* **Problem description**
Here is a block of entries. Write out its lines exactly, from the first through the one containing "m. \<forall>z\<in>vecs m.".

* **Information given**
(* Let $F$ be an infinite field and let $R$ be a unital $F$-algebra (not necessarily associative) with $\dim_F R<\infty$. Let $f,g,h:R\to F$ be polynomial functions with $f=g\cdot h$ and $g(1)=h(1)=1$. Then $f$ is multiplicative if and only if both $g$ and $h$ are multiplicative.
   Context: A polynomial function $R\to F$ is one given, in coordinates with respect to an $F$-basis $a_1,\dots,a_m$ of $R$, by a polynomial in $F[x_1,\dots,x_m]$. A function $\phi:R\to F$ is multiplicative if $\phi(ab)=\phi(a)\phi(b)$ for all $a,b\in R$. *)

theory Defs
  imports Main
begin

text \<open>An m-dimensional F-vector space R, identified with F^m via coordinates with respect
  to a fixed basis a_1,...,a_m (coordinates indexed 0..m-1, all further coordinates zero).\<close>
definition vecs :: "nat \<Rightarrow> (nat \<Rightarrow> 'a::zero) set" where
  "vecs m = {x. \<forall>i\<ge>m. x i = 0}"

definition vadd :: "(nat \<Rightarrow> 'a::plus) \<Rightarrow> (nat \<Rightarrow> 'a) \<Rightarrow> (nat \<Rightarrow> 'a)" where
  "vadd x y = (\<lambda>i. x i + y i)"

definition vscale :: "'a::times \<Rightarrow> (nat \<Rightarrow> 'a) \<Rightarrow> (nat \<Rightarrow> 'a)" where
  "vscale c x = (\<lambda>i. c * x i)"

definition unital_algebra :: "nat \<Rightarrow> ((nat \<Rightarrow> 'a::field) \<Rightarrow> (nat \<Rightarrow> 'a) \<Rightarrow> (nat \<Rightarrow> 'a)) \<Rightarrow> (nat \<Rightarrow> 'a) \<Rightarrow> bool" where
  "unital_algebra m mul e \<longleftrightarrow>
     (\<forall>x\<in>vecs m. \<forall>y\<in>vecs m. mul x y \<in> vecs m) \<and>
     e \<in> vecs m \<and>
     (\<forall>x\<in>vecs m. mul e x = x \<and> mul x e = x) \<and>
     (\<forall>x\<in>vecs m. \<forall>y\<in>vecs m. \<forall>z\<in>vecs m.
        mul (vadd x y) z = vadd (mul x z) (mul y z) \<and>
        mul x (vadd y z) = vadd (mul x y) (mul x z)) \<and>
     (\<forall>c. \<forall>x\<in>vecs m. \<forall>y\<in>vecs m.
        mul (vscale c x) y = vscale c (mul x y) \<and>
        mul x (vscale c y) = vscale c (mul x y))"

inductive_set poly_funs :: "nat \<Rightarrow> ((nat \<Rightarrow> 'a::comm_ring_1) \<Rightarrow> 'a) set" for m where
  const: "(\<lambda>x. c) \<in> poly_funs m"
| coord: "i < m \<Longrightarrow> (\<lambda>x. x i) \<in> poly_funs m"
| add: "p \<in> poly_funs m \<Longrightarrow> q \<in> poly_funs m \<Longrightarrow> (\<lambda>x. p x + q x) \<in> poly_funs m"
| mult: "p \<in> poly_funs m \<Longrightarrow> q \<in> poly_funs m \<Longrightarrow> (\<lambda>x. p x * q x) \<in> poly_funs m"

definition polynomial_function :: "nat \<Rightarrow> ((nat \<Rightarrow> 'a::comm_ring_1) \<Rightarrow> 'a) \<Rightarrow> bool" where
  "polynomial_function m f \<longleftrightarrow> (\<exists>p\<in>poly_funs m. \<forall>x\<in>vecs m. f x = p x)"

definition multiplicative :: "nat \<Rightarrow> ((nat \<Rightarrow> 'a::field) \<Rightarrow> (nat \<Rightarrow> 'a) \<Rightarrow> (nat \<Rightarrow> 'a)) \<Rightarrow> ((nat \<Rightarrow> 'a) \<Rightarrow> 'a) \<Rightarrow> bool" where
  "multiplicative m mul \<phi> \<longleftrightarrow> (\<forall>a\<in>vecs m. \<forall>b\<in>vecs m. \<phi> (mul a b) = \<phi> a * \<phi> b)"

end

(* Given a, b in R, restrict everything to the surface X(t, s) = x(t) y(s), where x(t) and y(s)
   run along the lines from 1 to a and from 1 to b. By bilinearity X is polynomial in (t, s), so
   G = g o X and H = h o X are bivariate polynomials, and multiplicativity of f gives
   G(t, s) H(t, s) = A(t) B(s) with A(t) = f(x(t)), B(s) = f(y(s)). For each of the infinitely
   many s with B(s) <> 0, G(-, s) divides A; since a nonzero polynomial has only finitely many
   monic divisors, G(-, s) is a multiple of one fixed monic D for infinitely many s, and comparing
   coefficients yields G(t, s) = D(t) L(s). Evaluating at the corners of the unit square gives
   g(ab) g(1) = g(a) g(b). *)

theory Submission
  imports Defs "HOL-Computational_Algebra.Polynomial"
begin

lemma euclidean_ring_common_divisor_lincomb:
  fixes a b :: "'a::euclidean_ring"
  shows "\<exists>u v. u * a + v * b dvd a \<and> u * a + v * b dvd b"
proof (induction "euclidean_size b" arbitrary: a b rule: less_induct)
  case less
  show ?case
  proof (cases "b = 0")
    case True
    then show ?thesis by (intro exI[of _ 1] exI[of _ 0]) simp
  next
    case False
    then obtain u v where uv: "u * b + v * (a mod b) dvd b" "u * b + v * (a mod b) dvd a mod b"
      using less mod_size_less by blast
    have lincomb: "u * b + v * (a mod b) = v * a + (u - v * (a div b)) * b"
      by (simp add: minus_div_mult_eq_mod [symmetric] algebra_simps)
    have "u * b + v * (a mod b) dvd a"
      using uv by (metis div_mult_mod_eq dvd_add dvd_mult)
    with uv(1) show ?thesis
      unfolding lincomb by blast
  qed
qed

lemma irreducible_imp_prime_elem_euclidean:
  fixes p :: "'a::euclidean_ring"
  assumes "irreducible p"
  shows "prime_elem p"
proof (rule prime_elemI)
  show "p \<noteq> 0" and "\<not> is_unit p"
    using assms by (auto simp: irreducible_def)
next
  fix a b assume "p dvd a * b"
  obtain u v where uv: "u * p + v * a dvd p" "u * p + v * a dvd a"
    using euclidean_ring_common_divisor_lincomb by blast
  from irreducibleD'[OF assms uv(1)] show "p dvd a \<or> p dvd b"
  proof
    assume "p dvd u * p + v * a"
    then show ?thesis using uv(2) dvd_trans by blast
  next
    assume unit: "is_unit (u * p + v * a)"
    have "(u * p + v * a) * b = p * (u * b) + v * (a * b)"
      by (simp add: algebra_simps)
    then have "p dvd (u * p + v * a) * b"
      using \<open>p dvd a * b\<close> by simp
    then show ?thesis
      using unit by (simp add: dvd_mult_unit_iff')
  qed
qed

lemma dvd_prime_elem_mult_cases:
  fixes p d q :: "'a::idom"
  assumes "prime_elem p" and "d dvd p * q"
  shows "p dvd d \<or> d dvd q"
proof -
  obtain r where r: "p * q = d * r"
    using assms(2) by (elim dvdE)
  then have "p dvd d \<or> p dvd r"
    using assms(1) prime_elem_dvd_mult_iff by (metis dvd_triv_left)
  moreover have "d dvd q" if pr: "p dvd r"
  proof -
    obtain r' where "r = p * r'" using pr by (elim dvdE)
    then have "q = d * r'"
      using r prime_elem_not_zeroI[OF assms(1)] by (simp add: algebra_simps)
    then show ?thesis by simp
  qed
  ultimately show ?thesis by blast
qed

lemma exists_irreducible_divisor_poly:
  fixes A :: "'a::field poly"
  assumes "degree A > 0"
  shows "\<exists>P. irreducible P \<and> P dvd A"
  using assms
proof (induction "degree A" arbitrary: A rule: less_induct)
  case less
  show ?case
  proof (cases "irreducible A")
    case False
    have "A \<noteq> 0"
      using less.prems by auto
    with less.prems have "\<not> is_unit A"
      by (simp add: is_unit_iff_degree)
    with False \<open>A \<noteq> 0\<close> obtain a b where ab: "A = a * b" "\<not> is_unit a" "\<not> is_unit b"
      by (auto simp: irreducible_def)
    with \<open>A \<noteq> 0\<close> have "a \<noteq> 0" "b \<noteq> 0" by auto
    with ab have "degree a > 0" "degree b > 0"
      by (auto simp: is_unit_iff_degree)
    with ab \<open>a \<noteq> 0\<close> \<open>b \<noteq> 0\<close> have "degree a < degree A"
      by (simp add: degree_mult_eq)
    with less.hyps \<open>degree a > 0\<close> obtain P where "irreducible P" "P dvd a"
      by blast
    then show ?thesis
      using ab(1) by auto
  qed auto
qed

lemma exists_monic_prime_divisor_poly:
  fixes A :: "'a::field poly"
  assumes "degree A > 0"
  shows "\<exists>P. prime_elem P \<and> lead_coeff P = 1 \<and> P dvd A"
proof -
  obtain P where P: "irreducible P" "P dvd A"
    using exists_irreducible_divisor_poly[OF assms] by blast
  define c where "c = inverse (lead_coeff P)"
  have "P \<noteq> 0" using P(1) by auto
  then have "c \<noteq> 0" by (simp add: c_def)
  then have "irreducible ([:c:] * P)"
    using P(1) irreducible_mult_unit_left is_unit_triv by blast
  moreover have "lead_coeff ([:c:] * P) = 1"
    using \<open>P \<noteq> 0\<close> by (simp add: c_def)
  moreover have "[:c:] * P dvd A"
    using P(2) \<open>c \<noteq> 0\<close> by (simp add: smult_dvd)
  ultimately show ?thesis
    using irreducible_imp_prime_elem_euclidean by blast
qed

lemma finite_monic_divisors_poly:
  fixes A :: "'a::field poly"
  assumes "A \<noteq> 0"
  shows "finite {D. D dvd A \<and> lead_coeff D = 1}"
  using assms
proof (induction "degree A" arbitrary: A rule: less_induct)
  case less
  show ?case
  proof (cases "degree A = 0")
    case True
    have "{D. D dvd A \<and> lead_coeff D = 1} \<subseteq> {1}"
    proof safe
      fix D assume D: "D dvd A" "lead_coeff D = 1"
      then have "degree D = 0"
        using dvd_imp_degree_le[of D A] less.prems True by simp
      then show "D = 1"
        using D(2) by (auto elim: degree_eq_zeroE)
    qed
    then show ?thesis
      using finite_subset by blast
  next
    case False
    then obtain P where P: "prime_elem P" "lead_coeff P = 1" "P dvd A"
      using exists_monic_prime_divisor_poly by blast
    then obtain Q where A: "A = P * Q"
      by (elim dvdE)
    with less.prems have "Q \<noteq> 0" by auto
    have "degree P > 0"
      using P(1) prime_elem_not_unit is_unit_iff_degree prime_elem_not_zeroI by blast
    with A \<open>Q \<noteq> 0\<close> less.prems have "degree Q < degree A"
      by (simp add: degree_mult_eq)
    with less.hyps \<open>Q \<noteq> 0\<close> have fin: "finite {D. D dvd Q \<and> lead_coeff D = 1}"
      by blast
    have "{D. D dvd A \<and> lead_coeff D = 1} \<subseteq>
        {D. D dvd Q \<and> lead_coeff D = 1} \<union> (*) P ` {D. D dvd Q \<and> lead_coeff D = 1}"
    proof safe
      fix D assume D: "D dvd A" "lead_coeff D = 1" "D \<notin> (*) P ` {D. D dvd Q \<and> lead_coeff D = 1}"
      have "P dvd D \<or> D dvd Q"
        using dvd_prime_elem_mult_cases[OF P(1)] D(1) A by blast
      moreover have "\<not> P dvd D"
      proof
        assume "P dvd D"
        then obtain D' where D': "D = P * D'" by (elim dvdE)
        then have "D' dvd Q"
          using D(1) A P(1) prime_elem_not_zeroI by fastforce
        moreover have "lead_coeff D' = 1"
          using D(2) P(2) D' by (simp add: lead_coeff_mult)
        ultimately show False
          using D(3) D' by blast
      qed
      ultimately show "D dvd Q" by blast
    qed
    then show ?thesis
      using fin finite_subset by blast
  qed
qed

lemma poly_eqI_infinite:
  fixes p q :: "'a::field poly"
  assumes "infinite S" and "\<And>x. x \<in> S \<Longrightarrow> poly p x = poly q x"
  shows "p = q"
proof (rule ccontr)
  assume "p \<noteq> q"
  then have "finite {x. poly (p - q) x = 0}"
    by (intro poly_roots_finite) simp
  moreover have "S \<subseteq> {x. poly (p - q) x = 0}"
    using assms(2) by auto
  ultimately show False
    using assms(1) finite_subset by blast
qed

lemma infinite_subset_proportional_to_monic_divisor:
  fixes A :: "'a::field poly" and P :: "'b \<Rightarrow> 'a poly"
  assumes "infinite S" and "A \<noteq> 0" and "\<And>y. y \<in> S \<Longrightarrow> P y \<noteq> 0 \<and> P y dvd A"
  shows "\<exists>D T. T \<subseteq> S \<and> infinite T \<and> lead_coeff D = 1 \<and>
           (\<forall>y\<in>T. P y = smult (lead_coeff (P y)) D)"
proof -
  define N where "N y = smult (inverse (lead_coeff (P y))) (P y)" for y
  have "N ` S \<subseteq> {D. D dvd A \<and> lead_coeff D = 1}"
    using assms(3) by (auto simp: N_def smult_dvd_iff)
  then have "finite (N ` S)"
    using finite_monic_divisors_poly[OF assms(2)] finite_subset by blast
  from pigeonhole_infinite[OF assms(1) this] obtain y1
    where "y1 \<in> S" and T: "infinite {y \<in> S. N y = N y1}" by blast
  have "lead_coeff (N y1) = 1"
    using assms(3)[OF \<open>y1 \<in> S\<close>] by (simp add: N_def)
  moreover have "P y = smult (lead_coeff (P y)) (N y)" if "y \<in> S" for y
    using assms(3)[OF that] by (simp add: N_def)
  ultimately show ?thesis
    using T by (intro exI[of _ "N y1"] exI[of _ "{y \<in> S. N y = N y1}"]) (auto, metis)
qed

text \<open>A bivariate polynomial is a polynomial in \<open>x\<close> whose coefficients are polynomials in \<open>y\<close>.\<close>

definition poly2 :: "'a::comm_semiring_1 poly poly \<Rightarrow> 'a \<Rightarrow> 'a \<Rightarrow> 'a" where
  "poly2 P x y = poly (poly P [:x:]) y"

lemma poly2_conv_map_poly: "poly2 P x y = poly (map_poly (\<lambda>q. poly q y) P) x"
  unfolding poly2_def by (induction P) (auto simp: map_poly_pCons)

lemma poly2_0_left: "poly2 P 0 y = poly (coeff P 0) y"
  by (simp add: poly2_def poly_0_coeff_0)

definition bivariate_polynomial :: "('a::comm_semiring_1 \<Rightarrow> 'a \<Rightarrow> 'a) \<Rightarrow> bool" where
  "bivariate_polynomial \<phi> \<longleftrightarrow> (\<exists>P. \<forall>x y. \<phi> x y = poly2 P x y)"

lemma bivariate_polynomial_const: "bivariate_polynomial (\<lambda>x y. c)"
  unfolding bivariate_polynomial_def by (intro exI[of _ "[:[:c:]:]"]) (simp add: poly2_def)

lemma bivariate_polynomial_fst: "bivariate_polynomial (\<lambda>x y. x)"
  unfolding bivariate_polynomial_def by (intro exI[of _ "[:0, 1:]"]) (simp add: poly2_def)

lemma bivariate_polynomial_snd: "bivariate_polynomial (\<lambda>x y. y)"
  unfolding bivariate_polynomial_def by (intro exI[of _ "[:[:0, 1:]:]"]) (simp add: poly2_def)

* **Result**
(* Let $F$ be an infinite field and let $R$ be a unital $F$-algebra (not necessarily associative) with $\dim_F R<\infty$. Let $f,g,h:R\to F$ be polynomial functions with $f=g\cdot h$ and $g(1)=h(1)=1$. Then $f$ is multiplicative if and only if both $g$ and $h$ are multiplicative.
   Context: A polynomial function $R\to F$ is one given, in coordinates with respect to an $F$-basis $a_1,\dots,a_m$ of $R$, by a polynomial in $F[x_1,\dots,x_m]$. A function $\phi:R\to F$ is multiplicative if $\phi(ab)=\phi(a)\phi(b)$ for all $a,b\in R$. *)

theory Defs
  imports Main
begin

text \<open>An m-dimensional F-vector space R, identified with F^m via coordinates with respect
  to a fixed basis a_1,...,a_m (coordinates indexed 0..m-1, all further coordinates zero).\<close>
definition vecs :: "nat \<Rightarrow> (nat \<Rightarrow> 'a::zero) set" where
  "vecs m = {x. \<forall>i\<ge>m. x i = 0}"

definition vadd :: "(nat \<Rightarrow> 'a::plus) \<Rightarrow> (nat \<Rightarrow> 'a) \<Rightarrow> (nat \<Rightarrow> 'a)" where
  "vadd x y = (\<lambda>i. x i + y i)"

definition vscale :: "'a::times \<Rightarrow> (nat \<Rightarrow> 'a) \<Rightarrow> (nat \<Rightarrow> 'a)" where
  "vscale c x = (\<lambda>i. c * x i)"

definition unital_algebra :: "nat \<Rightarrow> ((nat \<Rightarrow> 'a::field) \<Rightarrow> (nat \<Rightarrow> 'a) \<Rightarrow> (nat \<Rightarrow> 'a)) \<Rightarrow> (nat \<Rightarrow> 'a) \<Rightarrow> bool" where
  "unital_algebra m mul e \<longleftrightarrow>
     (\<forall>x\<in>vecs m. \<forall>y\<in>vecs m. mul x y \<in> vecs m) \<and>
     e \<in> vecs m \<and>
     (\<forall>x\<in>vecs m. mul e x = x \<and> mul x e = x) \<and>
     (\<forall>x\<in>vecs m. \<forall>y\<in>vecs m. \<forall>z\<in>vecs m.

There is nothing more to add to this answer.